(Records drawn from a dataset)
______________________________
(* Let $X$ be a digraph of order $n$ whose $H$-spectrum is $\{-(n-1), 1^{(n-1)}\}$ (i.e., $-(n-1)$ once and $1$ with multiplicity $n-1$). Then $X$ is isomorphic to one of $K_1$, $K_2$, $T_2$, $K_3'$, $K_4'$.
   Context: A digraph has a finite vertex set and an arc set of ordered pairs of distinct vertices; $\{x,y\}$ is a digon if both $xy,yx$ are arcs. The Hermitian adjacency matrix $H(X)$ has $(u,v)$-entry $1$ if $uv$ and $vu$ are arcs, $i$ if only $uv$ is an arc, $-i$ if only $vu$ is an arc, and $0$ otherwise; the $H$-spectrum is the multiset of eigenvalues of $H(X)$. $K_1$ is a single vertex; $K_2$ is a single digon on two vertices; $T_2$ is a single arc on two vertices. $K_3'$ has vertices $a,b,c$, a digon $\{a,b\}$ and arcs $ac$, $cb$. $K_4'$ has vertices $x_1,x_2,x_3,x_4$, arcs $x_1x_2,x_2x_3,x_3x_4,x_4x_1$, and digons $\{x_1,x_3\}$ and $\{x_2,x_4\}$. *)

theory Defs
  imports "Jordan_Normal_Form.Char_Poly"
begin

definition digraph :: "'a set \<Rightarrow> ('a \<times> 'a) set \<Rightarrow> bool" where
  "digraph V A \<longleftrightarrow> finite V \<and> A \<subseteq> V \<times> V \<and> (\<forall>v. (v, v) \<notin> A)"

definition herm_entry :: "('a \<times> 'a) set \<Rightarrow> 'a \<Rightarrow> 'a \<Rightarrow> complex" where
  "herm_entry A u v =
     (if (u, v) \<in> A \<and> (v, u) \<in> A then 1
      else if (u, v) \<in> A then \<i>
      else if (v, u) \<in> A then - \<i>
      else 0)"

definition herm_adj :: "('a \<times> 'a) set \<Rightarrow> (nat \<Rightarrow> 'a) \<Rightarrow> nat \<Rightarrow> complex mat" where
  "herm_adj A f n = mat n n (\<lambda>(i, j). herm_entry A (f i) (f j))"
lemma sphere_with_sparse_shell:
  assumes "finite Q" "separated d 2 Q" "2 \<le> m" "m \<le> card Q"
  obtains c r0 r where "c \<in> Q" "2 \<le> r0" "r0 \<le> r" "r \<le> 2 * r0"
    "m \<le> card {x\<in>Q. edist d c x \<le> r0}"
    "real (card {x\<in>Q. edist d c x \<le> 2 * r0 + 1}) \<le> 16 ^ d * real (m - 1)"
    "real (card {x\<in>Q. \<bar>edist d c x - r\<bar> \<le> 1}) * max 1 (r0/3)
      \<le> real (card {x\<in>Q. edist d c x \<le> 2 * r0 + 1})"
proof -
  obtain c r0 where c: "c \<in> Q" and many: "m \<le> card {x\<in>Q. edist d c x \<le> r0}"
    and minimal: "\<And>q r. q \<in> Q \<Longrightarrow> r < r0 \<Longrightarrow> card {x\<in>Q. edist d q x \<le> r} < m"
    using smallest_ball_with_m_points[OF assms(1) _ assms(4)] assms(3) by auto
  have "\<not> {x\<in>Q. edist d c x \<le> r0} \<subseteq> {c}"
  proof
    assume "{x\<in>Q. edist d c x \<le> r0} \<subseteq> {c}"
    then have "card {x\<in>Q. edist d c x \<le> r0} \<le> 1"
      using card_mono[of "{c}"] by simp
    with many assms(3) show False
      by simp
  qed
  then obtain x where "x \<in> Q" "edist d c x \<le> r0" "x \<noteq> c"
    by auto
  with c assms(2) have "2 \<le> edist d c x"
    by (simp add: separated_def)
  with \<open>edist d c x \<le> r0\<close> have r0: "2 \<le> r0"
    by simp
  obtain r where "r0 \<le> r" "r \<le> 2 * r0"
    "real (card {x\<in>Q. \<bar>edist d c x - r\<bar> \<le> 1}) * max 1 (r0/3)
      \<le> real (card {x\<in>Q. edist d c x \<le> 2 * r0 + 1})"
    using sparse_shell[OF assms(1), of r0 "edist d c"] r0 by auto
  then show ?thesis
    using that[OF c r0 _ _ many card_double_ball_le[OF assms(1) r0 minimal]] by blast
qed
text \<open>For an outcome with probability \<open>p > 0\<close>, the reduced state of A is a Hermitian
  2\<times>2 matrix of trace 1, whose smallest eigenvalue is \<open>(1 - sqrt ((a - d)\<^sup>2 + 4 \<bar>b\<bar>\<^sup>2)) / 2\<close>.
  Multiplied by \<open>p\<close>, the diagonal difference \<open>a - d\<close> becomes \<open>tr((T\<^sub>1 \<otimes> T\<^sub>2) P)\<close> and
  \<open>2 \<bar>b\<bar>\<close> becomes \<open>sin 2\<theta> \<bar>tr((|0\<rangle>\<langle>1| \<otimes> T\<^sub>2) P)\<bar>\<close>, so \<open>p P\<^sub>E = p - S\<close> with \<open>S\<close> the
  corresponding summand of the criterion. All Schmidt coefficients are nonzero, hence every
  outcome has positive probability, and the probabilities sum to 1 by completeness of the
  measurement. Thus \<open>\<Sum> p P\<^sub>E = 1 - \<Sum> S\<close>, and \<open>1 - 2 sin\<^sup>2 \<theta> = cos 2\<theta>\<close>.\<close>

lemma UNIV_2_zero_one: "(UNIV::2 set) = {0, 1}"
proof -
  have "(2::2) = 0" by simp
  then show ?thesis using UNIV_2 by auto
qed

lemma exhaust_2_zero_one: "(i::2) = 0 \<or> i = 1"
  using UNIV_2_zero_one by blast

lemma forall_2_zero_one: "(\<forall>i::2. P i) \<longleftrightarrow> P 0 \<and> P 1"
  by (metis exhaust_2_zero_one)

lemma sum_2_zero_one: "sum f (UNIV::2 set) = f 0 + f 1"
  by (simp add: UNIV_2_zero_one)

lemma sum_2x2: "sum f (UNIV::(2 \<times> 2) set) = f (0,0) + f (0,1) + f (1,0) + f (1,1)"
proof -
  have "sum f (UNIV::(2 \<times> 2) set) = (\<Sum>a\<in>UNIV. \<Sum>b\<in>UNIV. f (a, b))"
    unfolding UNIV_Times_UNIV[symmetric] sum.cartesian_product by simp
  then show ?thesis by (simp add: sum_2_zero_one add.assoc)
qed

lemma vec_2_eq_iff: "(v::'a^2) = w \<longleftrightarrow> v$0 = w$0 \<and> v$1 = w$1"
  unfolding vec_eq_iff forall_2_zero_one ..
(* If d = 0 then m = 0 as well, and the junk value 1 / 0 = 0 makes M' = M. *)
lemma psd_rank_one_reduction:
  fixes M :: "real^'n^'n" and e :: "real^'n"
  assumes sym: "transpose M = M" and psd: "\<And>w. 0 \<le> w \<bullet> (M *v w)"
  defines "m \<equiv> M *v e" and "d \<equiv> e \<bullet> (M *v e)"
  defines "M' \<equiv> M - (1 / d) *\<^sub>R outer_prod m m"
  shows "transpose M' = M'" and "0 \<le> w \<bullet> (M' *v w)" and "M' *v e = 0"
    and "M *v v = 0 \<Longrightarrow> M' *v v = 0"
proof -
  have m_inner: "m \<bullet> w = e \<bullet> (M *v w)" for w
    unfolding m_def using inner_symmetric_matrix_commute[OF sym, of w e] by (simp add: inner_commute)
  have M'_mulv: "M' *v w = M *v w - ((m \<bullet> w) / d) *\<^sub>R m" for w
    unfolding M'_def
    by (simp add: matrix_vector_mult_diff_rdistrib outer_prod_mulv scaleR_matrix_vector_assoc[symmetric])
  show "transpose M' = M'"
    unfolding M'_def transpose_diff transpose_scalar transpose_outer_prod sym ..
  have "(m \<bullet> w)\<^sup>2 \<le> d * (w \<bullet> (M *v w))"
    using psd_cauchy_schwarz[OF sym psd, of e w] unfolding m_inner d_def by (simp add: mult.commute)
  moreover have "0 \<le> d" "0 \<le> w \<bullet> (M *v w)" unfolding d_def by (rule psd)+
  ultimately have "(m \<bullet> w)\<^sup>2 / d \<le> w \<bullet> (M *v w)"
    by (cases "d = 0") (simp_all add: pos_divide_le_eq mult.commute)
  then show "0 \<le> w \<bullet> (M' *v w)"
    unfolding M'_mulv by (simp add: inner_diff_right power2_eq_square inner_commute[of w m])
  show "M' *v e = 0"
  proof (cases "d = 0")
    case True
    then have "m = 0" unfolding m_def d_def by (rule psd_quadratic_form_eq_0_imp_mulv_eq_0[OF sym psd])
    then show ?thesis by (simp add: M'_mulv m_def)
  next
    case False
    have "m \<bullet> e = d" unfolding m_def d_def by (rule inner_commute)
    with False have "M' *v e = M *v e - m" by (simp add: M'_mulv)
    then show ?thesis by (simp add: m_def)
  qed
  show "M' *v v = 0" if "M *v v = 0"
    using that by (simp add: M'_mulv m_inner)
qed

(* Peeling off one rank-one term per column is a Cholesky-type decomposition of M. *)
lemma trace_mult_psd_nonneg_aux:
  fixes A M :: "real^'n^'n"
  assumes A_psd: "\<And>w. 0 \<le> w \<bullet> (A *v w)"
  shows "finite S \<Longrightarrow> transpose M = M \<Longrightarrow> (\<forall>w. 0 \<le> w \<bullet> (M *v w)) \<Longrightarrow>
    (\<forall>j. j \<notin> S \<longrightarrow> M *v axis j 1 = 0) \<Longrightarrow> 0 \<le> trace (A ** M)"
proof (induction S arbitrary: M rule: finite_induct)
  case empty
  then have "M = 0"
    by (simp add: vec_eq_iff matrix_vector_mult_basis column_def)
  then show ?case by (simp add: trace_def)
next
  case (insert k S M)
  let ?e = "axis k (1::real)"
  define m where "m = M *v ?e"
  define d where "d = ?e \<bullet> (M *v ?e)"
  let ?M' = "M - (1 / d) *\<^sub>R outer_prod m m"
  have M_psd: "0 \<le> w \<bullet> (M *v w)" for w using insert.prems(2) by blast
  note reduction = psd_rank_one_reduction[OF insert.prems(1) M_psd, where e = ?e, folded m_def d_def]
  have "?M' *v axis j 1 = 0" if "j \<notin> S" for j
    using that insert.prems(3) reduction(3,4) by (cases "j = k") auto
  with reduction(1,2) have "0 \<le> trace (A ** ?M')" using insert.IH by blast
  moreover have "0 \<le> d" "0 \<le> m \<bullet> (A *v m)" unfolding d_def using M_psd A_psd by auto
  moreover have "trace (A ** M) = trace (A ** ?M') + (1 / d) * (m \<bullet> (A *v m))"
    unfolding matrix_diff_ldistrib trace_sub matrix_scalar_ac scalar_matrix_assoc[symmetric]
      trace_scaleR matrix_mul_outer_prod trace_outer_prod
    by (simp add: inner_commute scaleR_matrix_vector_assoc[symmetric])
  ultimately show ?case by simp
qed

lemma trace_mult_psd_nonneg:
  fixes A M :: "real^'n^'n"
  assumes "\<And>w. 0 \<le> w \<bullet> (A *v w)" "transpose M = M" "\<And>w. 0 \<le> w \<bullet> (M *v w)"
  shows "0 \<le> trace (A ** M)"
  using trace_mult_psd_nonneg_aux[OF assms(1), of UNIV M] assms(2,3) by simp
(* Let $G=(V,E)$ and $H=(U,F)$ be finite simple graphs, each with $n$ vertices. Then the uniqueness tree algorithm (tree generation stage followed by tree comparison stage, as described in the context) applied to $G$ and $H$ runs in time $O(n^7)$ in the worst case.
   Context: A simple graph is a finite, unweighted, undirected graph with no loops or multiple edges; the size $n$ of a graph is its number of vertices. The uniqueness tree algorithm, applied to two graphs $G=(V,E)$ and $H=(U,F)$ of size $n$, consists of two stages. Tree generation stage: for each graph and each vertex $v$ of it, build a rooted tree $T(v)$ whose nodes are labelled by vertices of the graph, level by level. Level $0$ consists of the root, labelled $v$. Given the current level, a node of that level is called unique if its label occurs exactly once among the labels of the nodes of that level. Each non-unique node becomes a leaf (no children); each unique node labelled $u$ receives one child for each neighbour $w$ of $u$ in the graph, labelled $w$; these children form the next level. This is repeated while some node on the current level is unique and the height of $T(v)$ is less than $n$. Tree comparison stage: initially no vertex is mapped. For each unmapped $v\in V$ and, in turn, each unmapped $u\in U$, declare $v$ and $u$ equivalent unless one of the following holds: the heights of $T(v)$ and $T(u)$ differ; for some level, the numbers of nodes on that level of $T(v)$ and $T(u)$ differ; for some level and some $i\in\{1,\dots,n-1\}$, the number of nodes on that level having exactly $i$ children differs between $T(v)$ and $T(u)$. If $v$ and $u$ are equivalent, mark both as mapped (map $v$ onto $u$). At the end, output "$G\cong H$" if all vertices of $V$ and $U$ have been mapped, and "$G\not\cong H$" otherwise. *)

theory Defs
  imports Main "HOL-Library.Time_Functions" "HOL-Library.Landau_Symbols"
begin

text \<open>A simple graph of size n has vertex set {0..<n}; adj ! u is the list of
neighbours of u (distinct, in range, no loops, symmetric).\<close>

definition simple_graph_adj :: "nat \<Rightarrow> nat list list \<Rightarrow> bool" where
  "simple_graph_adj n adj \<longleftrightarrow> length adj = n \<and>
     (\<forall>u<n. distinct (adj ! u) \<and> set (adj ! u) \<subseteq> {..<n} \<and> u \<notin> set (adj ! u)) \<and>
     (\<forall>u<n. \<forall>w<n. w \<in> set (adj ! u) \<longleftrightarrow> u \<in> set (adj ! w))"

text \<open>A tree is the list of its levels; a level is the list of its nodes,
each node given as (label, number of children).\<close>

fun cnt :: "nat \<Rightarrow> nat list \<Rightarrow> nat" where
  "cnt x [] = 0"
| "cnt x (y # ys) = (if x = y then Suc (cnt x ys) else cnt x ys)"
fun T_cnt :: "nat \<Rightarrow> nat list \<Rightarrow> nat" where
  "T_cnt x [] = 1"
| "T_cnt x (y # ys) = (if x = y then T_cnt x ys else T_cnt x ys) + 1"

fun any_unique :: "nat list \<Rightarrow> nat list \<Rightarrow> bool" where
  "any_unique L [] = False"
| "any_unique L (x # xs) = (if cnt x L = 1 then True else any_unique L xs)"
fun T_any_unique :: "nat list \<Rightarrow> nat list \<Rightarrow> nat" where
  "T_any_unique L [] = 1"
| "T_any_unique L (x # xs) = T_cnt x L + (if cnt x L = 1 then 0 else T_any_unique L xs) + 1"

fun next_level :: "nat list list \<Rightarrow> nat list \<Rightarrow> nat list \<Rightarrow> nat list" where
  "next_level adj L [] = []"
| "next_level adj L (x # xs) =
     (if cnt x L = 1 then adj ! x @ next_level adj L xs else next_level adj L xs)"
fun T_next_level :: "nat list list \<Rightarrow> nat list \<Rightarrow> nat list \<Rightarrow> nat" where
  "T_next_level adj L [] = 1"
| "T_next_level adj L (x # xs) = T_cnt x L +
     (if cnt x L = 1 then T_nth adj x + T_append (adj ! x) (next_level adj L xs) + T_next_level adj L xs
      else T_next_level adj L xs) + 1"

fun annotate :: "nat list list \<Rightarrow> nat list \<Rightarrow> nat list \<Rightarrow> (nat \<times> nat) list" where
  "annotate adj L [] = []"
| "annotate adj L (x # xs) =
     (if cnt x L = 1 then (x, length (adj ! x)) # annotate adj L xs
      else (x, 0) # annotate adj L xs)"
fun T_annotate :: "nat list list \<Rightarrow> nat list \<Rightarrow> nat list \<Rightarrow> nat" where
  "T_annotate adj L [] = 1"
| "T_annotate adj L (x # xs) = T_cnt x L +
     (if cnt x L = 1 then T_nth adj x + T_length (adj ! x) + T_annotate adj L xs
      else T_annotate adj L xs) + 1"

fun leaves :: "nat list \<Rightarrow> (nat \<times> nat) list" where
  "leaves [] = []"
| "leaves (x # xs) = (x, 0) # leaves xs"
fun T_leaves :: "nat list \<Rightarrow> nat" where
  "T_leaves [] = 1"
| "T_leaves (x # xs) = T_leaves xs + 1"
______________________________
> _Task description_
A line belongs in the answer if it contains the word "auto"; copy every such line from the data above.

> _Answer area_
    using smallest_ball_with_m_points[OF assms(1) _ assms(4)] assms(3) by auto
    by auto
    using sparse_shell[OF assms(1), of r0 "edist d c"] r0 by auto
  then show ?thesis using UNIV_2 by auto
    using that insert.prems(3) reduction(3,4) by (cases "j = k") auto
  moreover have "0 \<le> d" "0 \<le> m \<bullet> (A *v m)" unfolding d_def using M_psd A_psd by auto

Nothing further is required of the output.